# insects



## Rock Dove (Aug 4, 2003)

I noticed when I looked closely at feral pigeons while handfeeding them on my arm there were some very tiny brown thin insects on their feathers.At first I thought they were splinters or something but then I saw them move. I tried to get them off but since these were feral pigeons, they didn't like their feathers to be touched.
Also I noticed a moth-like flying brown insect that was on the pigeons' feathers. I tried to remove that too, but it burrowed deeper into the feathers, and as I mentioned, these feral pigeons don't like me touching their feathers too much.

Do you know what those insects are? Do most feral pigeons have them and do they affect pigeons?


----------



## pgnanddove (Sep 3, 2003)

Hello Rock Dove,
the tiny insects are lice as far as I know. They annoy the birds but it is impossible to control on feral pigeons. A harmless insecticide (the name is actually SPRAY)can be applied (available at pet supply store), but in your case it is not possible. 
The moth like bugs are some type of flies.
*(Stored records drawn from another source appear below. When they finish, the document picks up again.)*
lemma Vmat_inv_quadratic_form:
  fixes g w :: "real^'k"
  shows "w \<bullet> (Vmat_inv g *v w)
    = (\<Sum>j\<in>UNIV. g$j * (w$j)\<^sup>2) - (\<Sum>j\<in>UNIV. g$j * w$j)\<^sup>2 / (1 + norm1 g)"
proof -
  define S where "S = (\<Sum>j\<in>UNIV. g$j * w$j)"
  have entry: "(Vmat_inv g *v w)$i = g$i * w$i - g$i * S / (1 + norm1 g)" for i
  proof -
    have "(Vmat_inv g *v w)$i
        = (\<Sum>j\<in>UNIV. (if i = j then g$i * w$j else 0) - g$i / (1 + norm1 g) * (g$j * w$j))"
      unfolding Vmat_inv_def matrix_vector_mult_def by (auto intro!: sum.cong simp: algebra_simps)
    then show ?thesis
      by (simp add: sum_subtractf sum_distrib_left[symmetric] sum_divide_distrib[symmetric] S_def)
  qed
  have "w \<bullet> (Vmat_inv g *v w) = (\<Sum>i\<in>UNIV. g$i * (w$i)\<^sup>2 - g$i * w$i * S / (1 + norm1 g))"
    unfolding inner_vec_def entry by (simp add: algebra_simps power2_eq_square)
  also have "\<dots> = (\<Sum>j\<in>UNIV. g$j * (w$j)\<^sup>2) - S * S / (1 + norm1 g)"
    by (simp add: sum_subtractf sum_divide_distrib[symmetric] sum_distrib_right[symmetric] S_def[symmetric])
  finally show ?thesis by (simp add: S_def power2_eq_square)
qed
If you try to catch them, they either bury themselves into the feather or fly away. Usually those flies will go away and only 1-2 will be found on each birds.


----------



## Whitefeather (Sep 2, 2002)

Hello again,
Pigeons do get feather lice. They will literally eat the feathers to the nub. I have a boarder (feral) who had all his flight feathers eaten. I found him at my back door. He has been hear for some time & will soon be ready for release.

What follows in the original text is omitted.